Question

A small ball of mass ′ $$m$$′ is released at a height ′ $$R$$′ above the earth surface as shown in the given figure. If the maximum depth of the ball to which it goes is $$2R$$ ​inside the earth through a narrow groove before coming to rest momentarily. The groove contains an ideal spring of spring constant $$K$$ and natural length $$R$$. The value of $$K$$, ($$R$$ is the radius of earth and $$M$$ is mass of the earth)

$$\begin{array}{rl}& A){\displaystyle \frac{3GMm}{R^3}}\\ & B){\displaystyle \frac{6GMm}{R^3}}\\ & C){\displaystyle \frac{9GMm}{R^3}}\\ & D){\displaystyle \frac{7GMm}{R^3}}\end{array}$$

Answer 1

Hint: Consider the law of conservation of energy to solve this question. Initially, the ball has gravitational potential energy. When the ball is released, as while falling down, it attains kinetic energy. Once it touches the spring, the spring compresses, due to which the ball attains elastic potential energy. When the ball is inside the groove, gravitational potential energy also acts on the ball. Hence, according to the law of conservation of energy, the initial energy on the ball and final energy on the ball are equal. Here, the initial gravitational potential energy is equal to the sum of final gravitational potential energy and the elastic potential energy. Using this we can find out the value of the spring constant.
Formula used:
$${\left(\text{Total energy}\right)}_{initial}={\left(\text{Total energy}\right)}_{final}$$
$${(P.E)}_{initial}={\displaystyle \frac{GMm}{2R}}$$
$$(P.E)={\displaystyle \frac{-GMm}{R^3}}({\displaystyle \frac{3R^2}{2}}-{\displaystyle \frac{r^2}{2}})$$
$$E_{P.E}={\displaystyle \frac{1}{2}}K{x}^2$$

Complete step-by-step solution:

Given,
 $$M$$ is the mass of the earth
$$m$$ is the mass of the ball
$$R$$ is the distance from the initial position of the ball to the earth’s surface, which is the same as the radius of the earth.
Applying conservation energy, $${\left(\text{Total energy}\right)}_{initial}={\left(\text{Total energy}\right)}_{final}$$
Initially, the ball has a gravitational potential energy and at the final position it has elastic potential energy and final gravitational potential energy.

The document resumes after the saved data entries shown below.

lemma poly_hmult_at_lowest:
  fixes p :: "'k::idom poly" and e :: "rat \<Rightarrow> 'k"
  assumes "p \<noteq> 0" and supp: "\<And>\<gamma>. e \<gamma> \<noteq> 0 \<Longrightarrow> \<beta> \<le> \<gamma>"
    and "m \<le> of_nat (order 0 p) + \<beta>"
  shows "poly_hmult p e m =
    (if m = of_nat (order 0 p) + \<beta> then coeff p (order 0 p) * e \<beta> else 0)"
proof -
  define v where "v = order 0 p"
  have off_v: "coeff p j * e (m - of_nat j) = 0" if "j \<noteq> v" for j
  proof (cases "j < v")
    case True
    then show ?thesis using coeff_less_order_0[OF \<open>p \<noteq> 0\<close>] by (simp add: v_def)
  next
    case False
    with \<open>j \<noteq> v\<close> have "m - of_nat j < \<beta>"
      using assms(3) by (simp add: v_def)
    then have "e (m - of_nat j) = 0" using supp not_le by blast
    then show ?thesis by simp
  qed
  have "v \<in> {..degree p}" using order_degree[OF \<open>p \<noteq> 0\<close>] by (simp add: v_def)
  moreover have "(\<Sum>j\<in>{..degree p} - {v}. coeff p j * e (m - of_nat j)) = 0"
    using off_v by (intro sum.neutral) auto
  ultimately have "poly_hmult p e m = coeff p v * e (m - of_nat v)"
    unfolding poly_hmult_def by (simp add: sum.remove[of "{..degree p}" v])
  moreover have "e (m - of_nat v) = 0" if "m \<noteq> of_nat v + \<beta>"
    using that assms(3) supp[of "m - of_nat v"] by (auto simp: v_def)
  ultimately show ?thesis by (auto simp: v_def)
qed

lemma mahler_pow_supp:
  assumes "0 < l" "\<And>\<gamma>. d \<gamma> \<noteq> 0 \<Longrightarrow> \<gamma>\<^sub>0 \<le> \<gamma>" "mahler_pow l i d \<gamma> \<noteq> 0"
  shows "of_nat (l ^ i) * \<gamma>\<^sub>0 \<le> \<gamma>"
proof -
  have "\<gamma>\<^sub>0 \<le> \<gamma> / of_nat (l ^ i)"
    using assms(2,3) by (simp add: mahler_pow_def)
  then show ?thesis using assms(1) by (simp add: pos_le_divide_eq mult.commute)
qed

lemma mahler_pow_at_scaled:
  assumes "0 < l"
  shows "mahler_pow l i d (of_nat (l ^ i) * \<gamma>) = d \<gamma>"
  using assms by (simp add: mahler_pow_def)

(* The valuation of a_i \<phi>^i(z^\<gamma>) = a_i(z) z^(l^i \<gamma>). *)
definition mahler_weight :: "nat \<Rightarrow> (nat \<Rightarrow> 'k::idom poly) \<Rightarrow> rat \<Rightarrow> nat \<Rightarrow> rat" where
  "mahler_weight l a \<gamma> i = of_nat (order 0 (a i)) + of_nat (l ^ i) * \<gamma>"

Then,
$$\text{Initial P}\text{.E= Final P}\text{.E+ elastic P}\text{.E}$$ ---------------(1)
Initial gravitational potential energy of the ball is given by,
$${(P.E)}_{initial}={\displaystyle \frac{-GMm}{2R}}$$ -------------- (2)
Where,
$$2R$$ is the distance from the initial position of the ball to the center of the earth
$$G$$ is the gravitational constant.
At any point inside a sphere, the gravitational potential energy is given by;
$$(P.E)={\displaystyle \frac{-GMm}{R^3}}({\displaystyle \frac{3R^2}{2}}-{\displaystyle \frac{r^2}{2}})$$
Where,
$$r$$ is the distance of the point to the center of the sphere.
Then, final gravitational potential energy of the ball is given by,
$${(P.E)}_{final}={\displaystyle \frac{-GMm}{R^3}}({\displaystyle \frac{3R^2}{2}}-{\left({\displaystyle \frac{R}{2}}\right)}^2{\displaystyle \frac{1}{2}})={\displaystyle \frac{-GMm}{R^3}}({\displaystyle \frac{3R^2}{2}}-{\displaystyle \frac{R^2}{8}})$$
Where,
$${\displaystyle \frac{R}{2}}$$ is the distance from the center of the earth to the final position of the ball.
$$\Rightarrow {(P.E)}_{final}={\displaystyle \frac{-GMm}{R^3}}\times R^2\left({\displaystyle \frac{12-1}{8}}\right)={\displaystyle \frac{-GMm}{R}}\times {\displaystyle \frac{11}{8}}$$ ------------------(3)
Now, let’s find the elastic potential energy due to spring.
We have,
$$E_{P.E}={\displaystyle \frac{1}{2}}K{x}^2$$
Where,
$$x$$ is the displacement of the spring from the natural length.
$$K$$ is the spring constant.
Then,
$$E_{P.E}={\displaystyle \frac{1}{2}}K{\left({\displaystyle \frac{R}{2}}\right)}^2={\displaystyle \frac{1}{8}}K{R}^2$$ ------(4)
Here, $${\displaystyle \frac{R}{2}}$$ is the distance from the earth’s surface to the final position of the ball.
Then,
Substitute 2, 3 and 4 in equation 1, we get,
$$\Rightarrow {\displaystyle \frac{-GMm}{2R}}={\displaystyle \frac{-11}{8}}{\displaystyle \frac{GMm}{R}}+{\displaystyle \frac{1}{8}}K{R}^2$$
$$\Rightarrow {\displaystyle \frac{GMm}{R}}({\displaystyle \frac{11}{8}}-{\displaystyle \frac{1}{2}})={\displaystyle \frac{1}{8}}K{R}^2$$
$$\Rightarrow {\displaystyle \frac{-GMm}{R}}\left({\displaystyle \frac{11-4}{8}}\right)={\displaystyle \frac{1}{8}}K{R}^2$$
$$\Rightarrow {\displaystyle \frac{7GMm}{R}}=K{R}^2$$
$$\Rightarrow K={\displaystyle \frac{7GMm}{R^3}}$$
The answer is option D.

Note: The gravitational constant is the proportionality constant which is used in Newton’s Law of gravitation, and is denoted by G, with a value $$G=6.673\times {10}^{-11}N{m}^{2}k{g}^{-2}$$. It is different from $$g$$, which denotes the acceleration due to gravity.